(LISTED RECORDS begins)
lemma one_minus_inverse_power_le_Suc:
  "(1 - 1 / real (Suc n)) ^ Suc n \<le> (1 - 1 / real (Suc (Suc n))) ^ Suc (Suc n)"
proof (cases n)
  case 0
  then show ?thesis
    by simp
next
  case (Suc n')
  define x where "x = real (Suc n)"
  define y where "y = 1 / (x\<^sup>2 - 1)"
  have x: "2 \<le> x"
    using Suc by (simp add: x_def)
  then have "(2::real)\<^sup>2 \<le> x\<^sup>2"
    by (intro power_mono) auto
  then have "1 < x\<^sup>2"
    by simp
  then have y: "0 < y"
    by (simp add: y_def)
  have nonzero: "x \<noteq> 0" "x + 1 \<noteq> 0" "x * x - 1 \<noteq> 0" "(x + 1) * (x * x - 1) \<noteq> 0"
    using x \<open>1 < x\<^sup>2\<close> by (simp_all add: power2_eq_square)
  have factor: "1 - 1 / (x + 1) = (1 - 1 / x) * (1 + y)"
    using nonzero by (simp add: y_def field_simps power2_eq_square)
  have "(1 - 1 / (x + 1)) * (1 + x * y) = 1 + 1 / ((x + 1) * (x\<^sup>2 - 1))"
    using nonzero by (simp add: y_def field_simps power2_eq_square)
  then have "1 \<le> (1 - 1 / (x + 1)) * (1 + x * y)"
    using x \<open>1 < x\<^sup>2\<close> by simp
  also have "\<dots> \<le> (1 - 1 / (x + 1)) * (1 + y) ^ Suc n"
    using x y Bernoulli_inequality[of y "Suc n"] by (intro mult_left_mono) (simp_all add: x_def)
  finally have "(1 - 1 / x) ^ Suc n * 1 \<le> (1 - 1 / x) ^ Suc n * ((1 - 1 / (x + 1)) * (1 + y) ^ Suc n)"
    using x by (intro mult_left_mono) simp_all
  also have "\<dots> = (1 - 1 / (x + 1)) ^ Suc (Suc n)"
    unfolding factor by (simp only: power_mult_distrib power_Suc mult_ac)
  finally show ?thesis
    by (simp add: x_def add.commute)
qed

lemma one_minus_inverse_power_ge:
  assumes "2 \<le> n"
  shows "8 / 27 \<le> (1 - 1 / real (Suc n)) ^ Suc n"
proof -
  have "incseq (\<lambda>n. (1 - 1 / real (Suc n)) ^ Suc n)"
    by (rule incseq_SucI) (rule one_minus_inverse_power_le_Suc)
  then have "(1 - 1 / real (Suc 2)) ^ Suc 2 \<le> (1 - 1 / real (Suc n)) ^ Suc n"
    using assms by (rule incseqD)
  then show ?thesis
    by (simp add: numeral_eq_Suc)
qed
(LISTED RECORDS ends)
** REQUIREMENT **
Please give the listing again exactly, line for line.

** YOUR SOLUTION **
lemma one_minus_inverse_power_le_Suc:
  "(1 - 1 / real (Suc n)) ^ Suc n \<le> (1 - 1 / real (Suc (Suc n))) ^ Suc (Suc n)"
proof (cases n)
  case 0
  then show ?thesis
    by simp
next
  case (Suc n')
  define x where "x = real (Suc n)"
  define y where "y = 1 / (x\<^sup>2 - 1)"
  have x: "2 \<le> x"
    using Suc by (simp add: x_def)
  then have "(2::real)\<^sup>2 \<le> x\<^sup>2"
    by (intro power_mono) auto
  then have "1 < x\<^sup>2"
    by simp
  then have y: "0 < y"
    by (simp add: y_def)
  have nonzero: "x \<noteq> 0" "x + 1 \<noteq> 0" "x * x - 1 \<noteq> 0" "(x + 1) * (x * x - 1) \<noteq> 0"
    using x \<open>1 < x\<^sup>2\<close> by (simp_all add: power2_eq_square)
  have factor: "1 - 1 / (x + 1) = (1 - 1 / x) * (1 + y)"
    using nonzero by (simp add: y_def field_simps power2_eq_square)
  have "(1 - 1 / (x + 1)) * (1 + x * y) = 1 + 1 / ((x + 1) * (x\<^sup>2 - 1))"
    using nonzero by (simp add: y_def field_simps power2_eq_square)
  then have "1 \<le> (1 - 1 / (x + 1)) * (1 + x * y)"
    using x \<open>1 < x\<^sup>2\<close> by simp
  also have "\<dots> \<le> (1 - 1 / (x + 1)) * (1 + y) ^ Suc n"
    using x y Bernoulli_inequality[of y "Suc n"] by (intro mult_left_mono) (simp_all add: x_def)
  finally have "(1 - 1 / x) ^ Suc n * 1 \<le> (1 - 1 / x) ^ Suc n * ((1 - 1 / (x + 1)) * (1 + y) ^ Suc n)"
    using x by (intro mult_left_mono) simp_all
  also have "\<dots> = (1 - 1 / (x + 1)) ^ Suc (Suc n)"
    unfolding factor by (simp only: power_mult_distrib power_Suc mult_ac)
  finally show ?thesis
    by (simp add: x_def add.commute)
qed

lemma one_minus_inverse_power_ge:
  assumes "2 \<le> n"
  shows "8 / 27 \<le> (1 - 1 / real (Suc n)) ^ Suc n"
proof -
  have "incseq (\<lambda>n. (1 - 1 / real (Suc n)) ^ Suc n)"
    by (rule incseq_SucI) (rule one_minus_inverse_power_le_Suc)
  then have "(1 - 1 / real (Suc 2)) ^ Suc 2 \<le> (1 - 1 / real (Suc n)) ^ Suc n"
    using assms by (rule incseqD)
  then show ?thesis
    by (simp add: numeral_eq_Suc)
qed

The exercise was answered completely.